PRESBYTERIAN RESIDENTIAL TRUST TO PROCEED WITH TRITONVILLE SHELTERED ACCOMMODATION DEVELOPMENT

The Presbyterian Residential Trust is to proceed with its original plans to develop its site at Tritonville Road in Dublin to provide a further 17 units of sheltered accommodation for the elderly complementing the existing 32 units already on the site.

The Trust had voluntarily postponed work on the site on August 13 to consider last minute objections raised by local residents, despite its application for planning permission having been granted by Dublin Corporation Planning Department on 3 occasions over the last 7 years and most recently on May 6, 1999. No objections were ever raised during the processing of these planning applications.

Progress on the £1.5 million project to provide urgently needed accommodation in the Dublin area was halted by the Trust to allow time for residents to make representation over the concerns they had about the demolition of the redundant Sandymount Church which has not be used for worship for over 20 years.

In the 4 weeks since August 13, members of the Trust have met twice with a group comprising Sandymount residents, local politicians, officials of An Taisce and a solicitor and architect working on the project on the residents' behalf, to hear their concerns and to receive proposals from them detailing other ways in which the site could be developed.
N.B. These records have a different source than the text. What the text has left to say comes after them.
section \<open>The reflection equation for R and K\<close>

text \<open>Both sides of the reflection equation, applied to any vector, have the same normalised
  generating function at generic points: chaining the realisations turns each side into the
  corresponding composite of difference operators.\<close>

lemma reflection_agree_generic:
  assumes q0: "q \<noteq> 0" and p0: "p \<noteq> 0" and r0: "r \<noteq> 0" and s0: "s \<noteq> 0"
    and q2: "q^2 \<noteq> 1" and r2: "r^2 \<noteq> 1"
    and zm: "zeta (lam - mu) - inverse (zeta (lam - mu)) \<noteq> 0"
    and zp: "zeta (lam + mu) - inverse (zeta (lam + mu)) \<noteq> 0"
    and zl: "(zeta lam)^2 - inverse ((zeta lam)^2) \<noteq> 0"
    and zu: "(zeta mu)^2 - inverse ((zeta mu)^2) \<noteq> 0"
  shows "agree_generic
    (gf1 N (p^2) s (apply_op N (op_comp N (CG_R q p (lam - mu))
      (op_comp N (op1 (CG_K N r s lam))
        (op_comp N (op21 (CG_R q p (lam + mu))) (op2 (CG_K N r s mu))))) c))
    (gf1 N (p^2) s (apply_op N (op_comp N (op2 (CG_K N r s mu))
      (op_comp N (CG_R q p (lam + mu))
        (op_comp N (op1 (CG_K N r s lam)) (op21 (CG_R q p (lam - mu)))))) c))"
proof -
  let ?f = "gf1 N (p^2) s c" and ?a = "R_a q" and ?be = "K_b r" and ?n = "N - 1"
  let ?al = "K_a (zeta lam)" and ?am = "K_a (zeta mu)"
  let ?bm = "R_b (zeta (lam - mu))" and ?bp = "R_b (zeta (lam + mu))"
  have lhs: "agree_generic
      (gf1 N (p^2) s (apply_op N (CG_R q p (lam - mu)) (apply_op N (op1 (CG_K N r s lam))
        (apply_op N (op21 (CG_R q p (lam + mu))) (apply_op N (op2 (CG_K N r s mu)) c)))))
      (opR ?a ?bm (opK1 ?al ?be ?n (opR21 ?a ?bp (opK2 ?am ?be ?n ?f))))"
    by (intro agree_R[OF q0 q2 zm p0 s0] agree_K1[OF r0 r2 zl s0]
        agree_R21[OF q0 q2 zp p0 s0] agree_K2[OF r0 r2 zu s0] agree_generic_refl)
  have rhs: "agree_generic
      (gf1 N (p^2) s (apply_op N (op2 (CG_K N r s mu)) (apply_op N (CG_R q p (lam + mu))
        (apply_op N (op1 (CG_K N r s lam)) (apply_op N (op21 (CG_R q p (lam - mu))) c)))))
      (opK2 ?am ?be ?n (opR ?a ?bp (opK1 ?al ?be ?n (opR21 ?a ?bm ?f))))"
    by (intro agree_K2[OF r0 r2 zu s0] agree_R[OF q0 q2 zp p0 s0]
        agree_K1[OF r0 r2 zl s0] agree_R21[OF q0 q2 zm p0 s0] agree_generic_refl)
  have "spectral_rel ?al ?am ?bm ?bp"
    by (rule spectral_relation[OF zm zp zl zu])
  then show ?thesis
    using lhs rhs functional_reflection_equation unfolding agree_generic_def apply_op_comp by metis
qed

text \<open>Two operators whose actions on every vector have the same normalised generating function
  at all generic points are equal: the generating polynomial of the difference vanishes
  outside finitely many lines.\<close>

lemma op_eq_of_agree_generic:
  assumes "P \<noteq> 0" "s \<noteq> 0"
    and agree: "\<And>c. agree_generic (gf1 N P s (apply_op N A c)) (gf1 N P s (apply_op N B c))"
    and "i < N" "j < N" "k < N" "l < N"
  shows "A i j k l = B i j k l"
proof -
  define c where "c = (\<lambda>a b. if a = i \<and> b = j then 1 else (0::complex))"
  define d where "d = (\<lambda>k l. apply_op N A c k l - apply_op N B c k l)"
  have d_gf: "gen_poly N d x y
      = gf1 N P s (apply_op N A c) (x / (P * s)) (y / s) - gf1 N P s (apply_op N B c) (x / (P * s)) (y / s)"
    for x y using assms(1,2) by (simp add: d_def gf1_def gen_poly_def sum_subtractf left_diff_distrib)
  have "\<forall>k<N. \<forall>l<N. d k l = 0"
  proof (rule gen_poly_zero[where Ybad = "{0, s}"])
    fix y assume y: "y \<notin> {0, s}"
    show "\<exists>Xbad. finite Xbad \<and> (\<forall>x. x \<notin> Xbad \<longrightarrow> gen_poly N d x y = 0)"
    proof (intro exI conjI allI impI)
      show "finite {0, P * s, P * y, P * s^2 / y}" by simp
      fix x assume x: "x \<notin> {0, P * s, P * y, P * s^2 / y}"
      have "generic (x / (P * s)) (y / s)"
        using x y assms(1,2) by (auto simp: generic_def field_simps power2_eq_square)
      then show "gen_poly N d x y = 0"
        using agree[of c] by (simp add: d_gf agree_generic_def)
    qed
  qed simp
  then show ?thesis
    using assms(4-7) apply_op_basis[of i N j] by (simp add: d_def c_def)
qed

theorem mainTheorem5:
  fixes N :: nat and q p r s lam mu :: complex
  assumes "N \<ge> 1"
    and "q \<noteq> 0" and "p \<noteq> 0" and "r \<noteq> 0" and "s \<noteq> 0"
    and "q^2 \<noteq> 1" and "r^2 \<noteq> 1"
    and "zeta (lam - mu) - inverse (zeta (lam - mu)) \<noteq> 0"
    and "zeta (lam + mu) - inverse (zeta (lam + mu)) \<noteq> 0"
    and "(zeta lam)^2 - inverse ((zeta lam)^2) \<noteq> 0"
    and "(zeta mu)^2 - inverse ((zeta mu)^2) \<noteq> 0"
  shows "\<forall>i<N. \<forall>j<N. \<forall>k<N. \<forall>l<N.
    op_comp N (CG_R q p (lam - mu))
      (op_comp N (op1 (CG_K N r s lam))
        (op_comp N (op21 (CG_R q p (lam + mu))) (op2 (CG_K N r s mu)))) i j k l
  = op_comp N (op2 (CG_K N r s mu))
      (op_comp N (CG_R q p (lam + mu))
        (op_comp N (op1 (CG_K N r s lam)) (op21 (CG_R q p (lam - mu))))) i j k l"
  using op_eq_of_agree_generic[OF _ _ reflection_agree_generic[OF assms(2-11)]] assms(3,5)
  by simp

end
In that time Trust representatives have also met with Dublin Corporation Planning Department, Dublin Corporation Housing Grants Department and the National Monuments Committee.

Now having reviewed its own proposals which were developed over a seven year period from 1992 and given detailed consideration to the residents proposals including having some outline drawings prepared by the Trust's architects to test the feasibility of one suggested option they have decided to proceed with the project as originally planned.
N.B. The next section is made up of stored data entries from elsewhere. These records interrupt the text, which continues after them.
(* In the type $\mathbb A$ setting described in the context, for all $0\le i\le m-2$ we have $$x_{i+2}=x_1[i+1]\,x_{i+1}-x_i\qquad\text{and}\qquad x_{i+1}[1]=x_1[i+1]\,x_i[1]-x_{i-1}[1],$$ where $x_j=x_j[0]$.
   Context: Let $K$ be a field of characteristic $0$ or $K=\mathbb Z$, let $n\ge1$, $m=n+1$, $p=n$, and $\mathcal F=K(X_1,\dots,X_m)$. Let $B=(b_{ij})\in M_{m,n}(\mathbb Z)$ have $b_{i,i+1}=-1$ for $1\le i\le n-1$, $b_{i+1,i}=1$ for $1\le i\le n$, and all other entries $0$. Let $\mathbf x=(x_1,\dots,x_m)$ be algebraically independent over $K$ in $\mathcal F$. For $1\le k\le n$ the mutation $\mu_k(\mathbf y,C)=(\mathbf y',C')$ of a pair $(\mathbf y,C)$ is given by $c'_{ij}=-c_{ij}$ if $i=k$ or $j=k$, and $c'_{ij}=c_{ij}+\frac{|c_{ik}|c_{kj}+c_{ik}|c_{kj}|}{2}$ otherwise; $y'_s=y_s$ for $s\neq k$ and $y'_k=y_k^{-1}\big(\prod_{c_{ik}>0}y_i^{c_{ik}}+\prod_{c_{ik}<0}y_i^{-c_{ik}}\big)$. Set $(\mathbf x[0],B[0])=(\mathbf x,B)$ and, for $1\le i\le m-1$, $(\mathbf x[i],B[i])=\mu_{m-i}\cdots\mu_2\mu_1(\mathbf x[i-1],B[i-1])$ (apply $\mu_1$ first). Write $\mathbf x[i]=(x_1[i],\dots,x_m[i])$ and use the conventions $x_0[i]=1$, $x_{-1}[i]=0$ for all $i$. *)

theory Defs
  imports Main "HOL.Complex_Main"
begin

text \<open>A seed: a cluster vector y (indices 1..m used) and an exchange matrix C
  (rows 1..m, columns 1..n used).\<close>
type_synonym 'a seed = "(nat \<Rightarrow> 'a) \<times> (nat \<Rightarrow> nat \<Rightarrow> int)"

definition mut_matrix :: "nat \<Rightarrow> (nat \<Rightarrow> nat \<Rightarrow> int) \<Rightarrow> (nat \<Rightarrow> nat \<Rightarrow> int)" where
  "mut_matrix k C = (\<lambda>i j. if i = k \<or> j = k then - C i j
      else C i j + (\<bar>C i k\<bar> * C k j + C i k * \<bar>C k j\<bar>) div 2)"

definition mut_vector :: "nat \<Rightarrow> nat \<Rightarrow> (nat \<Rightarrow> 'a::field) \<Rightarrow> (nat \<Rightarrow> nat \<Rightarrow> int) \<Rightarrow> (nat \<Rightarrow> 'a)" where
  "mut_vector m k y C = (\<lambda>s. if s = k then
      inverse (y k) * ((\<Prod>i\<in>{1..m}. if C i k > 0 then y i ^ nat (C i k) else 1)
                     + (\<Prod>i\<in>{1..m}. if C i k < 0 then y i ^ nat (- C i k) else 1))
    else y s)"

definition mu :: "nat \<Rightarrow> nat \<Rightarrow> 'a::field seed \<Rightarrow> 'a seed" where
  "mu m k S = (mut_vector m k (fst S) (snd S), mut_matrix k (snd S))"

definition mu_seq :: "nat \<Rightarrow> nat list \<Rightarrow> 'a::field seed \<Rightarrow> 'a seed" where
  "mu_seq m ks S = foldl (\<lambda>T k. mu m k T) S ks"

text \<open>The type A exchange matrix B (m = n+1 rows, n columns).\<close>
definition typeA_B :: "nat \<Rightarrow> nat \<Rightarrow> nat \<Rightarrow> int" where
  "typeA_B n i j = (if 1 \<le> i \<and> i \<le> n - 1 \<and> j = i + 1 then -1
                    else if 1 \<le> j \<and> j \<le> n \<and> i = j + 1 then 1 else 0)"

text \<open>(x[i], B[i]): seed 0 = (x,B); seed (i+1) = \<mu>_{m-(i+1)} ... \<mu>_2 \<mu>_1 (seed i), m = n+1.\<close>
fun seedA :: "nat \<Rightarrow> (nat \<Rightarrow> 'a::field) \<Rightarrow> nat \<Rightarrow> 'a seed" where
  "seedA n x 0 = (x, typeA_B n)"
| "seedA n x (Suc i) = mu_seq (n + 1) [1..<(n + 1) - i] (seedA n x i)"

text \<open>x_j[i] with conventions x_0[i] = 1, x_{-1}[i] = 0.\<close>
definition xA :: "nat \<Rightarrow> (nat \<Rightarrow> 'a::field) \<Rightarrow> int \<Rightarrow> nat \<Rightarrow> 'a" where
  "xA n x j i = (if j = 0 then 1 else if j = -1 then 0 else fst (seedA n x i) (nat j))"

text \<open>K is a subring (contains 1, closed under +, -, *): covers both a subfield and (the image of) \<int>.\<close>
definition subring_set :: "'a::comm_ring_1 set \<Rightarrow> bool" where
  "subring_set K \<longleftrightarrow> 1 \<in> K \<and> (\<forall>a\<in>K. \<forall>b\<in>K. a + b \<in> K \<and> a - b \<in> K \<and> a * b \<in> K)"

text \<open>x_1..x_m algebraically independent over K: no nontrivial polynomial relation
  with coefficients in K (monomials = exponent vectors supported on {1..m}).\<close>
definition alg_indep :: "'a::comm_ring_1 set \<Rightarrow> nat \<Rightarrow> (nat \<Rightarrow> 'a) \<Rightarrow> bool" where
  "alg_indep K m x \<longleftrightarrow>
    (\<forall>c :: (nat \<Rightarrow> nat) \<Rightarrow> 'a.
       finite {\<alpha>. c \<alpha> \<noteq> 0} \<and> (\<forall>\<alpha>. c \<alpha> \<in> K) \<and>
       (\<forall>\<alpha>. c \<alpha> \<noteq> 0 \<longrightarrow> (\<forall>i. i \<notin> {1..m} \<longrightarrow> \<alpha> i = 0)) \<and>
       (\<Sum>\<alpha>\<in>{\<alpha>. c \<alpha> \<noteq> 0}. c \<alpha> * (\<Prod>i\<in>{1..m}. x i ^ \<alpha> i)) = 0
       \<longrightarrow> (\<forall>\<alpha>. c \<alpha> = 0))"

end

theory Submission
  imports Defs
begin

text \<open>In round r the exchange matrix stays the matrix of a path with some edges reversed, and
  mutating at 1, \<dots>, n - r in turn gives x_k[r+1] = (x_{k-1}[r+1] x_{k+1}[r] + 1) / x_k[r].
  Writing X(u, v) = x_{v-u}[u], this says that every adjacent 2\<times>2 minor of the array X
  equals 1. Comparing two adjacent minors sharing X(u+1, v) propagates the three-term recurrence
  X(u, v+1) + X(u, v-1) = X(v, v+1) X(u, v) from row u+1 to row u; rows 0 and 1 are the claim.
  The divisions are legitimate because every cluster variable is a quotient of polynomials with
  positive integer coefficients in the algebraically independent x_i, hence nonzero.\<close>

text \<open>The path 1 - \<dots> - n with frozen vertex n + 1; the sign s j orients the edge {j, j + 1}.\<close>

definition path_matrix :: "nat \<Rightarrow> (nat \<Rightarrow> int) \<Rightarrow> nat \<Rightarrow> nat \<Rightarrow> int" where
  "path_matrix n s i j =
    (if 1 \<le> i \<and> i + 1 \<le> n \<and> j = i + 1 then - s i
     else if 1 \<le> j \<and> j \<le> n \<and> i = j + 1 then s j else 0)"

lemma path_matrix_cong:
  "(\<And>j. 1 \<le> j \<Longrightarrow> j \<le> n \<Longrightarrow> s j = s' j) \<Longrightarrow> path_matrix n s = path_matrix n s'"
  by (intro ext) (auto simp: path_matrix_def)

lemma typeA_B_eq_path_matrix: "typeA_B n = path_matrix n (\<lambda>_. 1)"
  by (intro ext) (auto simp: path_matrix_def typeA_B_def)

lemma path_matrix_succ: "path_matrix n s i (Suc i) = (if 1 \<le> i \<and> i < n then - s i else 0)"
  by (simp add: path_matrix_def)

lemma path_matrix_pred: "path_matrix n s (Suc j) j = (if 1 \<le> j \<and> j \<le> n then s j else 0)"
  by (simp add: path_matrix_def)

lemma path_matrix_eq_0: "j \<noteq> Suc i \<Longrightarrow> i \<noteq> Suc j \<Longrightarrow> path_matrix n s i j = 0"
  by (simp add: path_matrix_def)

lemma path_matrix_flip_row:
  assumes "1 \<le> k"
  shows "path_matrix n (s(k := - s k, k - 1 := - s (k - 1))) k j = - path_matrix n s k j"
proof -
  consider "j = Suc k" | "k = Suc j" | "j \<noteq> Suc k" "k \<noteq> Suc j" by blast
  then show ?thesis
    by cases (use assms in \<open>simp_all add: path_matrix_succ path_matrix_pred path_matrix_eq_0\<close>)
qed

lemma path_matrix_flip_col:
  assumes "1 \<le> k"
  shows "path_matrix n (s(k := - s k, k - 1 := - s (k - 1))) i k = - path_matrix n s i k"
proof -
  consider "i = Suc k" | "k = Suc i" | "i \<noteq> Suc k" "k \<noteq> Suc i" by blast
  then show ?thesis
    by cases (use assms in \<open>simp_all add: path_matrix_succ path_matrix_pred path_matrix_eq_0\<close>)
qed

lemma path_matrix_flip_off:
  assumes "1 \<le> k" "i \<noteq> k" "j \<noteq> k"
  shows "path_matrix n (s(k := - s k, k - 1 := - s (k - 1))) i j = path_matrix n s i j"
proof -
  consider "j = Suc i" | "i = Suc j" | "j \<noteq> Suc i" "i \<noteq> Suc j" by blast
  then show ?thesis
    by cases (use assms in \<open>simp_all add: path_matrix_succ path_matrix_pred path_matrix_eq_0\<close>)
qed

lemma path_matrix_col_mult_row_nonpos:
  assumes "i \<noteq> k" "j \<noteq> k" "k = 1 \<or> s (k - 1) = - s k"
  shows "path_matrix n s i k * path_matrix n s k j \<le> 0"
proof -
  have "path_matrix n s i k \<in> {0, s k}" "path_matrix n s k j \<in> {0, - s k}"
    using assms by (auto simp: path_matrix_def)
  then show ?thesis by auto
qed

lemma abs_mult_add_mult_abs_eq_0:
  fixes a b :: "'a::linordered_idom"
  assumes "a * b \<le> 0"
  shows "\<bar>a\<bar> * b + a * \<bar>b\<bar> = 0"
  using assms by (cases "a \<ge> 0"; cases "b \<ge> 0") (auto simp: mult_le_0_iff)

text \<open>The hypothesis makes k a sink or a source, so no path i \<rightarrow> k \<rightarrow> j exists and mutation only
  negates row and column k.\<close>

lemma mut_matrix_path_matrix:
  assumes "1 \<le> k" "k = 1 \<or> s (k - 1) = - s k"
  shows "mut_matrix k (path_matrix n s) = path_matrix n (s(k := - s k, k - 1 := - s (k - 1)))"
proof (intro ext)
  fix i j
  show "mut_matrix k (path_matrix n s) i j =
      path_matrix n (s(k := - s k, k - 1 := - s (k - 1))) i j"
  proof (cases "i = k \<or> j = k")
    case True
    then show ?thesis
      using assms(1) path_matrix_flip_row path_matrix_flip_col by (auto simp: mut_matrix_def)
  next
    case False
    then show ?thesis
      using assms path_matrix_flip_off[of k i j n s] path_matrix_col_mult_row_nonpos[of i k j s n]
      by (simp add: mut_matrix_def abs_mult_add_mult_abs_eq_0)
  qed
qed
This involves the removal of the disused Sandymount Presbyterian Church and Halls and selling part of the site with planning permission for development of private apartments. On the remainder of the site a new 17 bed sheltered dwelling complex and communal area will be built. The total cost of the project is £1.5m which will be funded by the Presbyterian Residential Trust and the proceeds from the partial sale of the site.
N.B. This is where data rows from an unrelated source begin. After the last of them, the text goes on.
text \<open>Swapping a non-coherent \<open>p\<close> with the coherent \<open>q\<close> after it: on the left the functor
  \<open>G\<close> of \<open>q\<close> reads \<open>p\<close>, on the right the functor \<open>K\<close> of \<open>p\<close> reads \<open>q\<close> strictly in the past.
  Evaluating \<open>G\<close> and \<open>K\<close> against each other by \<open>mutual_fixpoint\<close> yields an assignment
  lying in both chosen sets.\<close>
lemma ext_spec_dual_swap_meets:
  assumes \<X>: "hasg_over \<X> P" and pq: "p \<noteq> q" and p: "p \<notin> P" and q: "q \<notin> P"
    and L: "L \<in> ext_spec specB (dual (ext_spec (UNIV, S) (dual \<X>) p)) q"
    and E: "E \<in> ext_spec (UNIV, insert q S) (dual (ext_spec specB \<X> q)) p"
  shows "L \<inter> E \<noteq> {}"
proof -
  define \<A> where "\<A> = ext_spec (UNIV, S) (dual \<X>) p"
  define \<B> where "\<B> = ext_spec specB \<X> q"
  have hap_\<X>: "hap \<X> = P" and hap_dual_\<X>: "hap (dual \<X>) = P"
    using \<X> by (simp_all add: hap_eq hasg_over_dual)
  have hap_\<A>: "hap (dual \<A>) = insert p P" and hap_\<B>: "hap (dual \<B>) = insert q P"
    unfolding \<A>_def \<B>_def using \<X> by (simp_all add: hap_eq hasg_over_dual hasg_over_ext_spec)
  obtain d G where L_eq: "L = ext_set (d ` \<A>) G q" and d: "choice_fun \<A> d"
    and G: "G \<in> Fnc_spec specB (insert p P)"
    using L[folded \<A>_def] hap_\<A> by (auto elim!: ext_spec_memE dual_memE)
  obtain w K where E_eq: "E = ext_set (w ` \<B>) K p" and w: "choice_fun \<B> w"
    and K: "K \<in> Fnc_spec (UNIV, insert q S) (insert q P)"
    using E[folded \<B>_def] hap_\<B> by (auto elim!: ext_spec_memE dual_memE)
  obtain A B where AB: "\<forall>\<chi>\<in>Asg P. A \<chi> = K (\<chi>(q := Some (B \<chi>))) \<and> B \<chi> = G (\<chi>(p := Some (A \<chi>)))"
    and A: "A \<in> Fnc_spec (UNIV, S) P" and B: "B \<in> Fnc_spec specB P"
    by (rule mutual_fixpoint[OF p q K G])
  have B_ext: "ext_set X B q \<in> \<B>" if "X \<in> \<X>" for X
    unfolding \<B>_def using that B hap_\<X> by (simp add: ext_spec_memI)
  with w have "choice_fun ((\<lambda>X. (\<lambda>\<chi>. ext_asg \<chi> B q) ` X) ` \<X>) w"
    unfolding choice_fun_def ext_set_eq_image by auto
  then obtain c where c: "choice_fun \<X> c" and cw: "\<forall>X\<in>\<X>. ext_asg (c X) B q = w (ext_set X B q)"
    unfolding ext_set_eq_image by (rule choice_fun_image_pullback)
  have A_ext: "ext_set (c ` \<X>) A p \<in> \<A>"
    unfolding \<A>_def using A hap_dual_\<X> by (simp add: ext_spec_memI dual_memI[OF c])
  with d have "d (ext_set (c ` \<X>) A p) \<in> ext_set (c ` \<X>) A p"
    unfolding choice_fun_def by blast
  then obtain X where X: "X \<in> \<X>" and dX: "d (ext_set (c ` \<X>) A p) = ext_asg (c X) A p"
    unfolding ext_set_eq_image by blast
  have "c X \<in> Asg P"
    using \<X> c X unfolding hasg_over_def choice_fun_def by blast
  with AB pq have "ext_asg (ext_asg (c X) A p) G q = ext_asg (ext_asg (c X) B q) K p"
    by (intro ext_asg_mutual_twist) blast+
  moreover have "ext_asg (ext_asg (c X) A p) G q \<in> L"
    unfolding L_eq dX[symmetric] using A_ext by (simp add: ext_set_eq_image)
  moreover have "ext_asg (ext_asg (c X) B q) K p \<in> E"
    unfolding E_eq ext_set_eq_image using cw X B_ext[OF X] by (metis imageI)
  ultimately show ?thesis
    by (metis IntI empty_iff)
qed

lemma ext_spec_dual_swap:
  assumes "hasg_over \<X> P" and "p \<noteq> q" and "p \<notin> P" and "q \<notin> P"
  shows "ext_spec specB (dual (ext_spec (UNIV, S) (dual \<X>) p)) q
     \<sqsubseteq>\<^sub>H dual (ext_spec (UNIV, insert q S) (dual (ext_spec specB \<X> q)) p)"
  unfolding hle_dual_iff using ext_spec_dual_swap_meets[OF assms] by blast

lemma evl1_swap:
  assumes "hasg_over \<X> P" and "p \<noteq> q" and "p \<notin> P" and "q \<notin> P" and "Q \<noteq> coh_quant \<alpha>"
  shows "evl1 \<alpha> (evl1 \<alpha> \<X> Q (UNIV, S) p) (coh_quant \<alpha>) specB q
     \<sqsubseteq>\<^sub>H evl1 \<alpha> (evl1 \<alpha> \<X> (coh_quant \<alpha>) specB q) Q (UNIV, insert q S) p"
  using ext_spec_dual_swap[OF assms(1-4)] assms(5) unfolding evl1_def by simp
The Presbyterian Residential Trust was established 50 years ago in 1949 by the Presbyterian Church in Ireland and runs a total of 9 nursing, residential and sheltered dwelling projects throughout Ireland. At any time there are about 250 residents in the various homes and sheltered dwellings run by the Trust which in addition to all the usual facilities makes a conscious effort to ensure residents are offered spiritual support and encouragement. The Tritonville Sheltered Housing complex was opened in 1971 and extended in 1981. It has 27 single flats and 5 double flats.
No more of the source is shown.